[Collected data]
(* Let $Y_1,\dots,Y_k\in\{0,1\}$ be independent unbiased Bernoulli random variables (each equal to $1$ with probability $1/2$), let $a_1,\dots,a_k\geq 0$ be reals, and let $X=\sum_{i=1}^k a_iY_i$ with mean $\mu=\mathbb{E}[X]$ and standard deviation $\sigma=\sqrt{\mathrm{Var}(X)}$. Then for every $c\in[0,1]$, $$\Pr(X\geq\mu+c\sigma)\geq\frac{(1-c)^2}{4}.$$ *)

theory Defs
  imports "HOL-Probability.Probability"
begin

end

(*
  Write X = m + Z, where m = (a_1 + ... + a_k) / 2 and Z = sum_i (a_i / 2) eps_i is a Rademacher
  sum (eps_i = 2 Y_i - 1), so that everything becomes an average over the discrete cube of subsets
  of {1..k}.  Then mu = m, sigma^2 = sum_i (a_i / 2)^2, Z is symmetric, and E Z^4 <= 3 sigma^4.
  Let q = Pr(Z >= c sigma).

  For c >= 0.23, the Paley-Zygmund argument for Z^2 gives (1 - c^2)^2 <= 6 q, and
  (1 - c^2)^2 / 6 >= (1 - c)^2 / 4 as soon as (1 + c)^2 >= 3/2.

  For small c the first moment is used instead.  Szarek's inequality E|Z| >= sigma / sqrt 2 (the
  Khintchine inequality with optimal constant) follows from 2 Var f <= I[f] + W^1[f] applied to
  f = |Z|.  Splitting E[Z; Z > 0] = E|Z| / 2 at c sigma, with Cauchy-Schwarz on the upper part,
  gives 1 / sqrt 2 <= w + c (1 - w^2) for w = sqrt (2 q), which forces w >= (1 - c) / sqrt 2.
*)

theory Submission
  imports Defs
begin

section \<open>Averages over the discrete cube\<close>

text \<open>A subset \<open>S\<close> of \<open>F\<close> encodes the outcome in which exactly the coordinates in \<open>S\<close> are 1,
  so \<open>cube_avg F\<close> is the expectation with respect to independent fair coins indexed by \<open>F\<close>.\<close>

definition cube_avg :: "nat set \<Rightarrow> (nat set \<Rightarrow> real) \<Rightarrow> real" where
  "cube_avg F f = (\<Sum>S\<in>Pow F. f S) / 2 ^ card F"

lemma cube_avg_empty [simp]: "cube_avg {} f = f {}"
  unfolding cube_avg_def by simp

lemma cube_avg_insert:
  assumes "finite F" "i \<notin> F"
  shows "cube_avg (insert i F) f = (cube_avg F (\<lambda>S. f (insert i S)) + cube_avg F f) / 2"
proof -
  have "inj_on (insert i) (Pow F)"
    using assms(2) by (auto simp: inj_on_def)
  then have "(\<Sum>S\<in>Pow (insert i F). f S) = (\<Sum>S\<in>Pow F. f S) + (\<Sum>S\<in>Pow F. f (insert i S))"
    unfolding Pow_insert using assms
    by (subst sum.union_disjoint) (auto simp: sum.reindex)
  then show ?thesis
    using assms unfolding cube_avg_def by (simp add: field_simps)
qed

lemma cube_avg_cong: "(\<And>S. S \<subseteq> F \<Longrightarrow> f S = g S) \<Longrightarrow> cube_avg F f = cube_avg F g"
  unfolding cube_avg_def by (auto intro: sum.cong)

lemma cube_avg_add: "cube_avg F (\<lambda>S. f S + g S) = cube_avg F f + cube_avg F g"
  unfolding cube_avg_def by (simp add: sum.distrib add_divide_distrib)

lemma cube_avg_diff: "cube_avg F (\<lambda>S. f S - g S) = cube_avg F f - cube_avg F g"
  unfolding cube_avg_def by (simp add: sum_subtractf diff_divide_distrib)

lemma cube_avg_cmult: "cube_avg F (\<lambda>S. c * f S) = c * cube_avg F f"
  unfolding cube_avg_def by (simp add: sum_distrib_left)

lemma cube_avg_uminus: "cube_avg F (\<lambda>S. - f S) = - cube_avg F f"
  using cube_avg_cmult[of F "-1" f] by simp

lemma cube_avg_divide: "cube_avg F (\<lambda>S. f S / c) = cube_avg F f / c"
  unfolding cube_avg_def sum_divide_distrib[symmetric] by simp

lemma cube_avg_const: "finite F \<Longrightarrow> cube_avg F (\<lambda>S. c) = c"
  unfolding cube_avg_def by (simp add: card_Pow)

lemma cube_avg_mono: "(\<And>S. S \<subseteq> F \<Longrightarrow> f S \<le> g S) \<Longrightarrow> cube_avg F f \<le> cube_avg F g"
  unfolding cube_avg_def by (intro divide_right_mono sum_mono) auto

lemma cube_avg_nonneg: "(\<And>S. S \<subseteq> F \<Longrightarrow> 0 \<le> f S) \<Longrightarrow> 0 \<le> cube_avg F f"
  using cube_avg_mono[of F "\<lambda>_. 0" f] unfolding cube_avg_def by simp

lemma cube_avg_Cauchy_Schwarz:
  "(cube_avg F (\<lambda>S. f S * g S))\<^sup>2 \<le> cube_avg F (\<lambda>S. (f S)\<^sup>2) * cube_avg F (\<lambda>S. (g S)\<^sup>2)"
  using divide_right_mono[OF Cauchy_Schwarz_ineq_sum[of f g "Pow F"], of "(2 ^ card F)\<^sup>2"]
  unfolding cube_avg_def by (simp add: power_divide power2_eq_square)

lemma cube_avg_compl: "finite F \<Longrightarrow> cube_avg F (\<lambda>S. f (F - S)) = cube_avg F f"
  unfolding cube_avg_def
  by (subst sum.reindex_bij_witness[where i="\<lambda>S. F - S" and j="\<lambda>S. F - S"]) (auto simp: double_diff)

section \<open>Influences\<close>

definition walsh :: "nat \<Rightarrow> nat set \<Rightarrow> real" where
  "walsh j S = (if j \<in> S then 1 else -1)"

definition flip :: "nat \<Rightarrow> nat set \<Rightarrow> nat set" where
  "flip j S = (if j \<in> S then S - {j} else insert j S)"

definition coord_mean :: "nat \<Rightarrow> (nat set \<Rightarrow> real) \<Rightarrow> nat set \<Rightarrow> real" where
  "coord_mean i f S = (f (insert i S) + f S) / 2"

definition coord_diff :: "nat \<Rightarrow> (nat set \<Rightarrow> real) \<Rightarrow> nat set \<Rightarrow> real" where
  "coord_diff i f S = (f (insert i S) - f S) / 2"

definition cube_var :: "nat set \<Rightarrow> (nat set \<Rightarrow> real) \<Rightarrow> real" where
  "cube_var F f = cube_avg F (\<lambda>S. (f S)\<^sup>2) - (cube_avg F f)\<^sup>2"

text \<open>In O'Donnell's notation, \<open>energy F f\<close> is the total influence \<open>I[f]\<close> and
  \<open>level1_weight F f\<close> is the Fourier weight \<open>W\<^sup>1[f]\<close> at level one.\<close>

definition energy :: "nat set \<Rightarrow> (nat set \<Rightarrow> real) \<Rightarrow> real" where
  "energy F f = (\<Sum>j\<in>F. cube_avg F (\<lambda>S. ((f S - f (flip j S)) / 2)\<^sup>2))"

definition level1_weight :: "nat set \<Rightarrow> (nat set \<Rightarrow> real) \<Rightarrow> real" where
  "level1_weight F f = (\<Sum>j\<in>F. (cube_avg F (\<lambda>S. f S * walsh j S))\<^sup>2)"

lemma energy_nonneg: "0 \<le> energy F f"
  unfolding energy_def by (intro sum_nonneg cube_avg_nonneg) auto

context
  fixes F :: "nat set" and i :: nat
  assumes F: "finite F" "i \<notin> F"
begin

lemma cube_avg_insert_coord_mean: "cube_avg (insert i F) f = cube_avg F (coord_mean i f)"
  unfolding coord_mean_def cube_avg_divide cube_avg_add cube_avg_insert[OF F] ..

lemma cube_var_insert:
  "cube_var (insert i F) f = cube_var F (coord_mean i f) + cube_avg F (\<lambda>S. (coord_diff i f S)\<^sup>2)"
proof -
  have "cube_avg (insert i F) (\<lambda>S. (f S)\<^sup>2)
      = cube_avg F (\<lambda>S. (coord_mean i f S)\<^sup>2 + (coord_diff i f S)\<^sup>2)"
    unfolding cube_avg_insert_coord_mean coord_mean_def coord_diff_def
    by (intro cube_avg_cong) (simp add: power2_eq_square field_simps)
  then show ?thesis
    unfolding cube_var_def cube_avg_add cube_avg_insert_coord_mean by simp
qed

lemma energy_insert:
  "energy (insert i F) f
     = energy F (coord_mean i f) + energy F (coord_diff i f) + cube_avg F (\<lambda>S. (coord_diff i f S)\<^sup>2)"
proof -
  have new_coord: "cube_avg (insert i F) (\<lambda>S. ((f S - f (flip i S)) / 2)\<^sup>2)
      = cube_avg F (\<lambda>S. (coord_diff i f S)\<^sup>2)"
    unfolding cube_avg_insert_coord_mean coord_mean_def coord_diff_def
  proof (intro cube_avg_cong)
    fix S assume "S \<subseteq> F"
    then have "flip i (insert i S) = S" "flip i S = insert i S"
      using F by (auto simp: flip_def)
    then show "(((f (insert i S) - f (flip i (insert i S))) / 2)\<^sup>2
        + ((f S - f (flip i S)) / 2)\<^sup>2) / 2 = ((f (insert i S) - f S) / 2)\<^sup>2"
      by (simp add: power2_eq_square field_simps)
  qed
  have old_coord: "cube_avg (insert i F) (\<lambda>S. ((f S - f (flip j S)) / 2)\<^sup>2)
      = cube_avg F (\<lambda>S. ((coord_mean i f S - coord_mean i f (flip j S)) / 2)\<^sup>2)
        + cube_avg F (\<lambda>S. ((coord_diff i f S - coord_diff i f (flip j S)) / 2)\<^sup>2)"
    if "j \<in> F" for j
  proof -
    have "flip j (insert i S) = insert i (flip j S)" for S
      using that F by (auto simp: flip_def)
    then show ?thesis
      unfolding cube_avg_insert_coord_mean cube_avg_add[symmetric] coord_mean_def coord_diff_def
      by (intro cube_avg_cong) (simp add: power2_eq_square field_simps)
  qed
  show ?thesis
    unfolding energy_def using F new_coord old_coord by (simp add: sum.distrib)
qed

lemma level1_weight_insert:
  "level1_weight (insert i F) f = level1_weight F (coord_mean i f) + (cube_avg F (coord_diff i f))\<^sup>2"
proof -
  have new_coord: "cube_avg (insert i F) (\<lambda>S. f S * walsh i S) = cube_avg F (coord_diff i f)"
    unfolding cube_avg_insert_coord_mean
    using F by (intro cube_avg_cong) (auto simp: walsh_def coord_mean_def coord_diff_def)
  have old_coord: "cube_avg (insert i F) (\<lambda>S. f S * walsh j S)
      = cube_avg F (\<lambda>S. coord_mean i f S * walsh j S)" if "j \<in> F" for j
  proof -
    have "walsh j (insert i S) = walsh j S" for S
      using that F by (auto simp: walsh_def)
    then show ?thesis
      unfolding cube_avg_insert_coord_mean coord_mean_def by (simp add: add_divide_distrib distrib_right)
  qed
  show ?thesis
    unfolding level1_weight_def using F new_coord old_coord by simp
qed

end

lemma cube_var_le_energy: "finite F \<Longrightarrow> cube_var F f \<le> energy F f"
proof (induction F arbitrary: f rule: finite_induct)
  case (insert i F)
  show ?case
    using insert.IH[of "coord_mean i f"] energy_nonneg[of F "coord_diff i f"]
    unfolding cube_var_insert[OF insert.hyps] energy_insert[OF insert.hyps] by linarith
qed (simp add: cube_var_def energy_def)

text \<open>Fourier-analytically this is \<open>I[f] = \<Sum>\<^sub>k k W\<^sup>k[f] \<ge> 2 Var f - W\<^sup>1[f]\<close>.\<close>

lemma two_cube_var_le_energy_level1_weight:
  "finite F \<Longrightarrow> 2 * cube_var F f \<le> energy F f + level1_weight F f"
proof (induction F arbitrary: f rule: finite_induct)
  case (insert i F)
  show ?case
    using insert.IH[of "coord_mean i f"] cube_var_le_energy[OF insert(1), of "coord_diff i f"]
      cube_var_def[of F "coord_diff i f"]
    unfolding cube_var_insert[OF insert.hyps] energy_insert[OF insert.hyps]
      level1_weight_insert[OF insert.hyps] by argo
qed (simp add: cube_var_def energy_def level1_weight_def)

lemma level1_weight_compl_invariant:
  assumes "finite F" and compl: "\<And>S. S \<subseteq> F \<Longrightarrow> f (F - S) = f S"
  shows "level1_weight F f = 0"
proof -
  have "cube_avg F (\<lambda>S. f S * walsh j S) = 0" if "j \<in> F" for j
  proof -
    have "cube_avg F (\<lambda>S. f S * walsh j S) = cube_avg F (\<lambda>S. f (F - S) * walsh j (F - S))"
      using cube_avg_compl[OF \<open>finite F\<close>, of "\<lambda>S. f S * walsh j S"] by simp
    also have "\<dots> = - cube_avg F (\<lambda>S. f S * walsh j S)"
      unfolding cube_avg_uminus[symmetric]
      using that compl by (intro cube_avg_cong) (auto simp: walsh_def)
    finally show ?thesis by simp
  qed
  then show ?thesis
    unfolding level1_weight_def by simp
qed

section \<open>Rademacher sums and Szarek's inequality\<close>

definition rademacher_sum :: "(nat \<Rightarrow> real) \<Rightarrow> nat set \<Rightarrow> nat set \<Rightarrow> real" where
  "rademacher_sum b F S = (\<Sum>j\<in>F. b j * walsh j S)"

lemma cube_avg_rademacher_sum_insert:
  assumes "finite F" "i \<notin> F"
  shows "cube_avg (insert i F) (\<lambda>S. g (rademacher_sum b (insert i F) S))
    = (cube_avg F (\<lambda>S. g (rademacher_sum b F S + b i))
        + cube_avg F (\<lambda>S. g (rademacher_sum b F S - b i))) / 2"
proof -
  have "rademacher_sum b (insert i F) (insert i S) = rademacher_sum b F S + b i"
    and "rademacher_sum b (insert i F) S = rademacher_sum b F S - b i" if "S \<subseteq> F" for S
  proof -
    have "(\<Sum>j\<in>F. b j * walsh j (insert i S)) = (\<Sum>j\<in>F. b j * walsh j S)"
      using assms by (intro sum.cong) (auto simp: walsh_def)
    then show "rademacher_sum b (insert i F) (insert i S) = rademacher_sum b F S + b i"
      using assms unfolding rademacher_sum_def by (simp add: walsh_def)
    show "rademacher_sum b (insert i F) S = rademacher_sum b F S - b i"
      using assms that unfolding rademacher_sum_def by (auto simp: walsh_def)
  qed
  then show ?thesis
    unfolding cube_avg_insert[OF assms] by (simp cong: cube_avg_cong)
qed

lemma cube_avg_rademacher_sum_square:
  "finite F \<Longrightarrow> cube_avg F (\<lambda>S. (rademacher_sum b F S)\<^sup>2) = (\<Sum>j\<in>F. (b j)\<^sup>2)"
proof (induction F rule: finite_induct)
  case (insert i F)
  have "cube_avg (insert i F) (\<lambda>S. (rademacher_sum b (insert i F) S)\<^sup>2)
      = cube_avg F (\<lambda>S. (rademacher_sum b F S)\<^sup>2 + (b i)\<^sup>2)"
    unfolding cube_avg_rademacher_sum_insert[OF insert.hyps, of "\<lambda>z. z\<^sup>2"]
      cube_avg_add[symmetric] cube_avg_divide[symmetric]
    by (intro cube_avg_cong) (simp add: power2_eq_square field_simps)
  with insert show ?case
    by (simp add: cube_avg_add cube_avg_const)
qed (simp add: rademacher_sum_def)

lemma cube_avg_rademacher_sum_fourth:
  "finite F \<Longrightarrow> cube_avg F (\<lambda>S. (rademacher_sum b F S) ^ 4) \<le> 3 * (\<Sum>j\<in>F. (b j)\<^sup>2)\<^sup>2"
proof (induction F rule: finite_induct)
  case (insert i F)
  let ?v = "\<Sum>j\<in>F. (b j)\<^sup>2"
  have "cube_avg (insert i F) (\<lambda>S. (rademacher_sum b (insert i F) S) ^ 4)
      = cube_avg F (\<lambda>S. (rademacher_sum b F S) ^ 4 + 6 * (b i)\<^sup>2 * (rademacher_sum b F S)\<^sup>2 + (b i) ^ 4)"
    unfolding cube_avg_rademacher_sum_insert[OF insert.hyps, of "\<lambda>z. z ^ 4"]
      cube_avg_add[symmetric] cube_avg_divide[symmetric]
    by (intro cube_avg_cong) (simp add: power2_eq_square power4_eq_xxxx field_simps)
  also have "\<dots> = cube_avg F (\<lambda>S. (rademacher_sum b F S) ^ 4) + 6 * (b i)\<^sup>2 * ?v + (b i) ^ 4"
    using insert.hyps
    by (simp add: cube_avg_add cube_avg_const cube_avg_cmult cube_avg_rademacher_sum_square mult.assoc)
  also have "\<dots> \<le> 3 * ?v\<^sup>2 + 6 * (b i)\<^sup>2 * ?v + 3 * (b i) ^ 4"
  proof -
    have "0 \<le> (b i) ^ 4" by simp
    then show ?thesis using insert.IH by linarith
  qed
  also have "\<dots> = 3 * (\<Sum>j\<in>insert i F. (b j)\<^sup>2)\<^sup>2"
    using insert.hyps by (simp add: power2_eq_square power4_eq_xxxx algebra_simps)
  finally show ?case .
qed (simp add: rademacher_sum_def)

Exercise details
Report each line of the data in which "over" occurs.

Response
  sum (eps_i = 2 Y_i - 1), so that everything becomes an average over the discrete cube of subsets
section \<open>Averages over the discrete cube\<close>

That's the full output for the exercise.